HM Inspectorate of Constabulary found insufficiently skilled staff at Essex Police carrying out child abuse investigations.

Those investigations were "often of a poor standard" and risk management was in some cases "ineffective", it said.

Chief Constable Stephen Kavanagh said the force accepted the HMIC's recommendations.

Zoe Billingham, HM Inspector of Constabulary, said she was "extremely disappointed by what we found" when the inspection happened last autumn.

'Immediate attention'

"We found, for example, that some officers had poor attitudes towards missing children, with assumptions being made about their ability to fend for themselves.

"Frontline officers also lacked a sound understanding of the warning signs that children might be at risk of child sexual exploitation. The majority of child protection cases examined by HMIC were inadequate or needed to improve.

"There are a number of areas that HMIC has identified as needing the force's immediate attention.
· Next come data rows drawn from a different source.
definition comp_AND :: "(bool list \<Rightarrow> bool) \<Rightarrow> bool list \<Rightarrow> bool list \<Rightarrow> bool" where
  "comp_AND f xs ys = f (map2 (\<and>) xs ys)"

end

theory Submission
  imports Defs "HOL-Library.FuncSet" "HOL-Library.Log_Nat"
begin

(* In a one-way protocol Bob must be able to rebuild Alice's row y \<mapsto> F x y from her
   message, and sending the index of that row suffices; so the one-way complexity is
   the ceiling of log 2 of the number of distinct rows. Since OMB_n (x \<and> y) is the
   parity of the later of the last zeros of x and y, the rows of OMB_n \<circ> AND are
   indexed by the position t \<in> {0..n} of the last zero of x, and they are pairwise
   distinct: there are n + 1 of them.

   For the decision-tree bound, OMB_n alternates along the inputs 0^t 1^(n-t),
   t = 0..n. Passing from 0^(m-1) 1^(n-m+1) to 0^m 1^(n-m) changes AND_S only when
   Min S = m, so fewer than n queries miss some m and cannot separate two inputs
   with different values; the n singleton queries read off the whole input. *)

lemma card_bool_lists: "card {xs :: bool list. length xs = c} = 2 ^ c"
  using card_lists_length_eq[of "UNIV :: bool set" c] by simp

lemma finite_bool_lists: "finite {xs :: bool list. length xs = c}"
  using finite_lists_length_eq[of "UNIV :: bool set" c] by simp

lemma Least_le_two_power_eq_ceillog2: "(LEAST c. m \<le> 2 ^ c) = ceillog2 m"
proof (cases "m = 0")
  case False
  then show ?thesis
    by (intro Least_equality) (simp_all add: le_two_power_ceillog2 ceillog2_le_iff)
qed simp

lemma int_ceillog2:
  assumes "0 < m"
  shows "int (ceillog2 m) = \<lceil>log 2 (real m)\<rceil>"
proof -
  have "0 \<le> log 2 (real m)"
    using assms by simp
  then have "- 1 < log 2 (real m)"
    by linarith
  then show ?thesis
    using assms by (simp add: ceillog2_def)
qed

definition oneway_protocol ::
    "'a set \<Rightarrow> 'b set \<Rightarrow> ('a \<Rightarrow> 'b \<Rightarrow> bool) \<Rightarrow> ('a \<Rightarrow> bool list) \<Rightarrow> (bool list \<Rightarrow> 'b \<Rightarrow> bool) \<Rightarrow> nat \<Rightarrow> bool"
  where "oneway_protocol X Y F M Out c \<longleftrightarrow> (\<forall>x\<in>X. length (M x) = c \<and> (\<forall>y\<in>Y. Out (M x) y = F x y))"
I am under no illusions that there is a lot that the force needs to do to provide children in Essex with the service they deserve."

However, she also said the force and its chief constable were "deeply committed to improving the service to children".

Image source, Thinkstock

The key findings:

  • Child abuse investigations undertaken by insufficiently skilled and knowledgeable staff and often of poor standard, leaving children at significant risk

  • General lack of understanding of signs of child sexual exploitation and sexual abuse of children, and inconsistent response from teams across the force

  • Protection of some children who regularly go missing from home "inconsistent"; early intervention and long-term inter-agency planning designed to protect children who go missing often "ineffective"
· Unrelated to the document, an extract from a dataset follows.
(* Let $N\ge 2$, let $\lambda,\omega\in\mathbb{R}$, and consider on the phase space $\{(\mathbf{q},\mathbf{p})\in\mathbb{R}^N\times\mathbb{R}^N : 1+\lambda\mathbf{q}^2\neq 0\}$, with canonical Poisson bracket $\{q_i,p_j\}=\delta_{ij}$, the Hamiltonian $$\mathcal{H}_\lambda(\mathbf{q},\mathbf{p})=\frac{\mathbf{p}^2}{2(1+\lambda\mathbf{q}^2)}+\frac{\omega^2\mathbf{q}^2}{2(1+\lambda\mathbf{q}^2)}.$$ Then: (i) For any real $\lambda$, $\mathcal{H}_\lambda$ has the following constants of motion (functions Poisson-commuting with $\mathcal{H}_\lambda$): - the $2N-3$ angular momentum integrals $$C^{(m)}=\sum_{1\le i<j\le m}(q_ip_j-q_jp_i)^2,\qquad C_{(m)}=\sum_{N-m<i<j\le N}(q_ip_j-q_jp_i)^2,\qquad m=2,\dots,N,$$ where $C^{(N)}=C_{(N)}$; - the $N^2$ integrals (the curved Fradkin tensor) $$I_{ij}=p_ip_j-\bigl(2\lambda\,\mathcal{H}_\lambda(\mathbf{q},\mathbf{p})-\omega^2\bigr)q_iq_j,\qquad i,j=1,\dots,N,$$ which satisfy $\mathcal{H}_\lambda=\frac12\sum_{i=1}^N I_{ii}$. (ii) Each of the three sets $\{\mathcal{H}_\lambda, C^{(m)} : m=2,\dots,N\}$, $\{\mathcal{H}_\lambda, C_{(m)} : m=2,\dots,N\}$ and $\{I_{ii} : i=1,\dots,N\}$ consists of $N$ functionally independent functions in involution. (iii) For any fixed index $i\in\{1,\dots,N\}$, the set $\{\mathcal{H}_\lambda, C^{(m)}, C_{(m)}, I_{ii} : m=2,\dots,N\}$ consists of $2N-1$ functionally independent functions (so $\mathcal{H}_\lambda$ is maximally superintegrable).
   Context: Here $\mathbf{q}^2=\sum_{i=1}^N q_i^2$ and $\mathbf{p}^2=\sum_{i=1}^N p_i^2$. Functional independence means the differentials of the functions are linearly independent on an open dense subset of the phase space; involution means pairwise vanishing Poisson brackets. *)

theory Defs
  imports "HOL-Analysis.Analysis"
begin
  • Ineffective management of risk posed by suspects in some cases of child abuse

  • Children unnecessarily detained in police custody

Mr Kavanagh said: "We have already acted on those recommendations by making what the same inspectors have called a 'sea change' and these improvements have made children safer.

"However, victims who did not get the best possible service from Essex Police are victims who were let down, and I repeat my previous unreserved apology for that.

"The changes in our culture and in how we work - consistently better quality investigation and risk assessment, more and better training for officers, a refusal to accept that a missing child returned home, whatever the circumstances, should ever be described as 'streetwise' - give me absolute confidence that this force is heading in the right direction."

In the past six months Essex Police's investigations have led to 33 people being jailed for more than 180 years in total for sexual offences against children.

Nick Alston, Police and Crime Commissioner for Essex, said: "Despite the very disappointing news today, I know that day by day, Essex police officers continue to handle many cases well, and for that they have my full support."